(DATA SUPPLIED begins)

theorem lemma3:
  fixes C :: real and r :: nat
    and c :: "vtx \<Rightarrow> vtx \<Rightarrow> real" and d :: "vtx \<Rightarrow> real"
  assumes C_pos: "C > 0"
    and C_K44: "\<And>a :: nat \<Rightarrow> nat \<Rightarrow> real.
                  K44_min a \<le> - C * (\<Sum>i\<in>{1..4}. \<Sum>j\<in>{1..4}. \<bar>a i j\<bar>)"
    and r_pos: "r \<ge> 1"
  shows "ground_energy r c d \<le>
           (\<Sum>e\<in>chimera_E0 r. \<bar>c (fst e) (snd e)\<bar>)
         + (\<Sum>e\<in>chimera_E1 r. \<bar>c (fst e) (snd e)\<bar>)
         - C * (\<Sum>e\<in>chimera_E01 r. \<bar>c (fst e) (snd e)\<bar>)"
proof -
  obtain opt_u opt_v where opt: "\<And>a. opt_u a \<in> {1..4} \<rightarrow>\<^sub>E {-1, 1}" "\<And>a. opt_v a \<in> {1..4} \<rightarrow>\<^sub>E {-1, 1}"
    "\<And>a. K44_energy a (opt_u a) (opt_v a) = K44_min a"
    using K44_minimizers by blast
  define su where "su i j = opt_u (cell_coupling c i j)" for i j
  define sv where "sv i j = opt_v (cell_coupling c i j)" for i j
  define \<epsilon> :: "nat \<Rightarrow> nat \<Rightarrow> real" where "\<epsilon> i j = (if cell_field d su sv i j \<le> 0 then 1 else -1)" for i j
  show ?thesis
  proof (rule ground_energy_le_cell_spins[OF C_K44])
    show "\<epsilon> i j \<in> {-1, 1}" "\<epsilon> i j * cell_field d su sv i j \<le> 0" for i j
      unfolding \<epsilon>_def by auto
    show "su i j \<in> {1..4} \<rightarrow>\<^sub>E {-1, 1}" "sv i j \<in> {1..4} \<rightarrow>\<^sub>E {-1, 1}"
      "K44_energy (cell_coupling c i j) (su i j) (sv i j) = K44_min (cell_coupling c i j)" for i j
      unfolding su_def sv_def by (rule opt)+
  qed
qed

end
(* Let $\Phi:[0,\infty)\to(0,1]$ be a decreasing bijection and let $\phi=-\log\Phi$. Then \[ \int_0^1\frac{1}{u(1\vee\log\Phi^{-1}(u))}\,\mathrm{d}u=\infty \quad\text{if and only if}\quad \sum_{n=1}^\infty\frac{1}{1\vee\log\phi^{-1}(n)}=\infty. \]
   Context: $\Phi^{-1}$ and $\phi^{-1}$ denote the inverse functions of $\Phi$ and $\phi$. *)

theory Defs
  imports "HOL-Analysis.Analysis"
begin

end

theory Submission
  imports Defs "HOL-Analysis.Analysis"
begin

text \<open>Put \<open>f(u) = 1 / (1 \<or> log \<Phi>\<^sup>-\<^sup>1(u))\<close>; since \<open>\<phi>\<^sup>-\<^sup>1(n) = \<Phi>\<^sup>-\<^sup>1(e\<^sup>-\<^sup>n)\<close>, the series is
  \<open>\<Sum>\<^sub>n\<^sub>\<ge>\<^sub>1 f(e\<^sup>-\<^sup>n)\<close>. As \<open>\<Phi>\<^sup>-\<^sup>1\<close> decreases, \<open>f\<close> is nondecreasing on \<open>(0,1]\<close>, and each block
  \<open>(e\<^sup>-\<^sup>k\<^sup>-\<^sup>1, e\<^sup>-\<^sup>k]\<close> has mass 1 for \<open>du/u\<close>, so the integral lies between \<open>\<Sum>\<^sub>k\<^sub>\<ge>\<^sub>1 f(e\<^sup>-\<^sup>k)\<close>
  and \<open>\<Sum>\<^sub>k\<^sub>\<ge>\<^sub>0 f(e\<^sup>-\<^sup>k)\<close>, which differ by the finite term \<open>f(1)\<close>.\<close>

lemma nn_integral_inverse_Ioc:
  fixes a b :: real
  assumes "0 < a" "a \<le> b"
  shows "(\<integral>\<^sup>+ u \<in> {a<..b}. ennreal (1 / u) \<partial>lborel) = ennreal (ln b - ln a)"
proof -
  have "(\<integral>\<^sup>+ u \<in> {a<..b}. ennreal (1 / u) \<partial>lborel) = (\<integral>\<^sup>+ u \<in> {a..b}. ennreal (1 / u) \<partial>lborel)"
    by (rule nn_integral_cong_AE) (use AE_lborel_singleton[of a] in \<open>auto simp: indicator_def\<close>)
  also have "\<dots> = ennreal (ln b - ln a)"
    using assms by (intro nn_integral_FTC_Icc) (auto intro!: derivative_eq_intros)
  finally show ?thesis .
qed

definition exp_block :: "nat \<Rightarrow> real set" where
  "exp_block k = {exp (- real (Suc k))<..exp (- real k)}"

lemma exp_block_subset: "exp_block k \<subseteq> {0<..1}"
proof
  fix u
  assume "u \<in> exp_block k"
  moreover have "0 < exp (- real (Suc k))" "exp (- real k) \<le> 1"
    by simp_all
  ultimately show "u \<in> {0<..1}"
    unfolding exp_block_def greaterThanAtMost_iff by linarith
qed

lemma disjoint_family_exp_block: "disjoint_family exp_block"
proof -
  have "exp_block m \<inter> exp_block n = {}" if "m < n" for m n
  proof -
    have "exp (- real n) \<le> exp (- real (Suc m))"
      using that by simp
    then show ?thesis
      by (auto simp: exp_block_def)
  qed
  then show ?thesis
    unfolding disjoint_family_on_def by (metis inf_commute linorder_neqE_nat)
qed

lemma exp_block_cover:
  assumes "u \<in> {0<..1}"
  obtains k where "u \<in> exp_block k"
proof
  define k where "k = nat \<lfloor>- ln u\<rfloor>"
  have "0 < u" "0 \<le> - ln u"
    using assms by simp_all
  then have "- real (Suc k) < ln u" "ln u \<le> - real k"
    unfolding k_def by linarith+
  with \<open>0 < u\<close> show "u \<in> exp_block k"
    unfolding exp_block_def greaterThanAtMost_iff by (metis exp_less_mono exp_le_cancel_iff exp_ln)
qed

lemma nn_integral_exp_block: "(\<integral>\<^sup>+ u \<in> exp_block k. ennreal (1 / u) \<partial>lborel) = 1"
  unfolding exp_block_def by (subst nn_integral_inverse_Ioc) auto

lemma nn_integral_exp_block_series:
  fixes c :: "nat \<Rightarrow> ennreal"
  shows "(\<integral>\<^sup>+ u. (\<Sum>n. c n * ennreal (1 / u) * indicator (exp_block n) u) \<partial>lborel) = (\<Sum>n. c n)"
proof -
  have [measurable]: "(\<lambda>u. ennreal (1 / u) * indicator (exp_block n) u) \<in> borel_measurable lborel" for n
    unfolding exp_block_def by measurable
  have "(\<integral>\<^sup>+ u. (\<Sum>n. c n * ennreal (1 / u) * indicator (exp_block n) u) \<partial>lborel)
      = (\<Sum>n. c n * (\<integral>\<^sup>+ u \<in> exp_block n. ennreal (1 / u) \<partial>lborel))"
    by (simp add: nn_integral_suminf nn_integral_cmult mult.assoc)
  then show ?thesis
    by (simp add: nn_integral_exp_block)
qed

lemma series_exp_block_eq:
  assumes "u \<in> exp_block k"
  shows "(\<Sum>n. ennreal (c n) * ennreal (1 / u) * indicator (exp_block n) u) = ennreal (c k / u)"
proof -
  have "0 < u"
    using assms exp_block_subset[of k] by auto
  then show ?thesis
    using ennreal_mult''[of "1 / u" "c k"]
    by (simp add: suminf_cmult_indicator[OF disjoint_family_exp_block assms])
qed

lemma step_functions_exp_block_bounds:
  fixes f :: "real \<Rightarrow> real"
  assumes mono: "\<And>u v. 0 < u \<Longrightarrow> u \<le> v \<Longrightarrow> v \<le> 1 \<Longrightarrow> f u \<le> f v"
  shows "(\<Sum>n. ennreal (f (exp (- real (Suc n)))) * ennreal (1 / u) * indicator (exp_block n) u)
      \<le> ennreal (f u / u) * indicator {0<..1} u
    \<and> ennreal (f u / u) * indicator {0<..1} u
      \<le> (\<Sum>n. ennreal (f (exp (- real n))) * ennreal (1 / u) * indicator (exp_block n) u)"
proof (cases "u \<in> {0<..1}")
  case True
  then obtain k where k: "u \<in> exp_block k"
    by (rule exp_block_cover)
  then have "f (exp (- real (Suc k))) / u \<le> f u / u" "f u / u \<le> f (exp (- real k)) / u"
    using exp_block_subset[of k] by (auto simp: exp_block_def intro!: divide_right_mono mono)
  with True k show ?thesis
    by (simp add: series_exp_block_eq ennreal_leI)
next
  case False
  then have "u \<notin> exp_block n" for n
    using exp_block_subset by blast
  with False show ?thesis
    by simp
qed

text \<open>No measurability of \<open>f\<close> is needed, since \<open>\<integral>\<^sup>+\<close> is monotone for arbitrary functions.\<close>

lemma log_integral_test_bounds:
  fixes f :: "real \<Rightarrow> real"
  assumes mono: "\<And>u v. 0 < u \<Longrightarrow> u \<le> v \<Longrightarrow> v \<le> 1 \<Longrightarrow> f u \<le> f v"
  shows "(\<Sum>n. ennreal (f (exp (- real (Suc n))))) \<le> (\<integral>\<^sup>+ u \<in> {0<..1}. ennreal (f u / u) \<partial>lborel)"
    and "(\<integral>\<^sup>+ u \<in> {0<..1}. ennreal (f u / u) \<partial>lborel) \<le> (\<Sum>n. ennreal (f (exp (- real n))))"
proof -
  have "(\<Sum>n. ennreal (f (exp (- real (Suc n)))))
      = (\<integral>\<^sup>+ u. (\<Sum>n. ennreal (f (exp (- real (Suc n)))) * ennreal (1 / u) * indicator (exp_block n) u) \<partial>lborel)"
    by (rule nn_integral_exp_block_series[symmetric])
  also have "\<dots> \<le> (\<integral>\<^sup>+ u \<in> {0<..1}. ennreal (f u / u) \<partial>lborel)"
    using step_functions_exp_block_bounds[of f, OF mono] by (intro nn_integral_mono) blast
  finally show "(\<Sum>n. ennreal (f (exp (- real (Suc n))))) \<le> (\<integral>\<^sup>+ u \<in> {0<..1}. ennreal (f u / u) \<partial>lborel)" .
  have "(\<integral>\<^sup>+ u \<in> {0<..1}. ennreal (f u / u) \<partial>lborel)
      \<le> (\<integral>\<^sup>+ u. (\<Sum>n. ennreal (f (exp (- real n))) * ennreal (1 / u) * indicator (exp_block n) u) \<partial>lborel)"
    using step_functions_exp_block_bounds[of f, OF mono] by (intro nn_integral_mono) blast
  also have "\<dots> = (\<Sum>n. ennreal (f (exp (- real n))))"
    by (rule nn_integral_exp_block_series)
  finally show "(\<integral>\<^sup>+ u \<in> {0<..1}. ennreal (f u / u) \<partial>lborel) \<le> (\<Sum>n. ennreal (f (exp (- real n))))" .
qed

lemma log_integral_test:
  fixes f :: "real \<Rightarrow> real"
  assumes mono: "\<And>u v. 0 < u \<Longrightarrow> u \<le> v \<Longrightarrow> v \<le> 1 \<Longrightarrow> f u \<le> f v"
  shows "(\<integral>\<^sup>+ u \<in> {0<..1}. ennreal (f u / u) \<partial>lborel) = \<infinity>
     \<longleftrightarrow> (\<Sum>n. ennreal (f (exp (- real (Suc n))))) = \<infinity>"
proof -
  note bounds = log_integral_test_bounds[of f, OF mono]
  have offset: "(\<Sum>n. ennreal (f (exp (- real n)))) = (\<Sum>n. ennreal (f (exp (- real (Suc n))))) + ennreal (f 1)"
    using suminf_offset[of "\<lambda>n. ennreal (f (exp (- real n)))" 1] by (simp add: summableI)
  show ?thesis
  proof
    assume "(\<integral>\<^sup>+ u \<in> {0<..1}. ennreal (f u / u) \<partial>lborel) = \<infinity>"
    with bounds(2) have "(\<Sum>n. ennreal (f (exp (- real n)))) = \<infinity>"
      by (simp add: top_unique)
    then have "(\<Sum>n. ennreal (f (exp (- real (Suc n))))) + ennreal (f 1) = \<infinity>"
      unfolding offset .
    then show "(\<Sum>n. ennreal (f (exp (- real (Suc n))))) = \<infinity>"
      by simp
  next
    assume "(\<Sum>n. ennreal (f (exp (- real (Suc n))))) = \<infinity>"
    with bounds(1) show "(\<integral>\<^sup>+ u \<in> {0<..1}. ennreal (f u / u) \<partial>lborel) = \<infinity>"
      by (simp add: top_unique)
  qed
qed

lemma the_inv_into_antimono:
  fixes f :: "'a::linorder \<Rightarrow> 'b::linorder"
  assumes inj: "inj_on f A"
    and anti: "\<And>x y. x \<in> A \<Longrightarrow> y \<in> A \<Longrightarrow> x \<le> y \<Longrightarrow> f y \<le> f x"
    and "u \<in> f ` A" "v \<in> f ` A" "u \<le> v"
  shows "the_inv_into A f v \<le> the_inv_into A f u"
proof (rule ccontr)
  assume "\<not> the_inv_into A f v \<le> the_inv_into A f u"
  then have "f (the_inv_into A f v) \<le> f (the_inv_into A f u)"
    using assms by (intro anti) (auto intro: the_inv_into_into)
  then have "u = v"
    using assms by (simp add: f_the_inv_into_f)
  with \<open>\<not> the_inv_into A f v \<le> the_inv_into A f u\<close> show False
    by simp
qed

lemma the_inv_into_minus_ln:
  fixes f :: "'a \<Rightarrow> real"
  assumes inj: "inj_on f A" and pos: "\<And>x. x \<in> A \<Longrightarrow> 0 < f x" and "exp (- t) \<in> f ` A"
  shows "the_inv_into A (\<lambda>x. - ln (f x)) t = the_inv_into A f (exp (- t))"
proof (rule the_inv_into_f_eq)
  show "inj_on (\<lambda>x. - ln (f x)) A"
    using inj pos by (auto simp: inj_on_def)
  show "- ln (f (the_inv_into A f (exp (- t)))) = t"
    using assms by (simp add: f_the_inv_into_f)
  show "the_inv_into A f (exp (- t)) \<in> A"
    using assms by (auto intro: the_inv_into_into)
qed

lemma max_one_ln_mono:
  fixes x y :: real
  assumes "0 \<le> x" "x \<le> y"
  shows "max 1 (ln x) \<le> max 1 (ln y)"
proof (cases "x = 0")
  case False
  with assms have "ln x \<le> ln y"
    by simp
  then show ?thesis
    by (simp add: max.coboundedI2 max.mono)
qed simp

theorem lemma2p2:
  fixes Phi :: "real \<Rightarrow> real"
  assumes bij: "bij_betw Phi {0..} {0<..1}"
    and decr: "\<And>x y. 0 \<le> x \<Longrightarrow> x \<le> y \<Longrightarrow> Phi y \<le> Phi x"
  shows "(\<integral>\<^sup>+ u \<in> {0<..1}. ennreal (1 / (u * max 1 (ln (the_inv_into {0..} Phi u)))) \<partial>lborel) = \<infinity>
     \<longleftrightarrow> (\<Sum>n. ennreal (1 / max 1 (ln (the_inv_into {0..} (\<lambda>x. - ln (Phi x)) (real (Suc n)))))) = \<infinity>"
proof -
  define f where "f u = 1 / max 1 (ln (the_inv_into {0..} Phi u))" for u
  have inj: "inj_on Phi {0..}" and img: "Phi ` {0..} = {0<..1}"
    using bij by (auto simp: bij_betw_def)
  have f_mono: "f u \<le> f v" if "0 < u" "u \<le> v" "v \<le> 1" for u v
  proof -
    have "the_inv_into {0..} Phi v \<le> the_inv_into {0..} Phi u"
      using that img by (intro the_inv_into_antimono[OF inj]) (auto intro: decr)
    moreover have "0 \<le> the_inv_into {0..} Phi v"
      using that img the_inv_into_into[OF inj, of v "{0..}"] by auto
    ultimately show ?thesis
      unfolding f_def by (intro divide_left_mono max_one_ln_mono) auto
  qed
  have "the_inv_into {0..} (\<lambda>x. - ln (Phi x)) (real (Suc n)) = the_inv_into {0..} Phi (exp (- real (Suc n)))" for n
    using img by (intro the_inv_into_minus_ln[OF inj]) auto
  then have series: "(\<Sum>n. ennreal (1 / max 1 (ln (the_inv_into {0..} (\<lambda>x. - ln (Phi x)) (real (Suc n))))))
      = (\<Sum>n. ennreal (f (exp (- real (Suc n)))))"
    by (simp only: f_def)
  have integrand: "1 / (u * max 1 (ln (the_inv_into {0..} Phi u))) = f u / u" for u
    by (simp add: f_def)
  show ?thesis
    unfolding series integrand by (rule log_integral_test[of f, OF f_mono])
qed

end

(DATA SUPPLIED ends)

#### EXERCISE DETAILS
Copy the lines above exactly, from the very first through the one containing "r c d \<le>", and include no other line.

#### EXERCISE OUTPUT
theorem lemma3:
  fixes C :: real and r :: nat
    and c :: "vtx \<Rightarrow> vtx \<Rightarrow> real" and d :: "vtx \<Rightarrow> real"
  assumes C_pos: "C > 0"
    and C_K44: "\<And>a :: nat \<Rightarrow> nat \<Rightarrow> real.
                  K44_min a \<le> - C * (\<Sum>i\<in>{1..4}. \<Sum>j\<in>{1..4}. \<bar>a i j\<bar>)"
    and r_pos: "r \<ge> 1"
  shows "ground_energy r c d \<le>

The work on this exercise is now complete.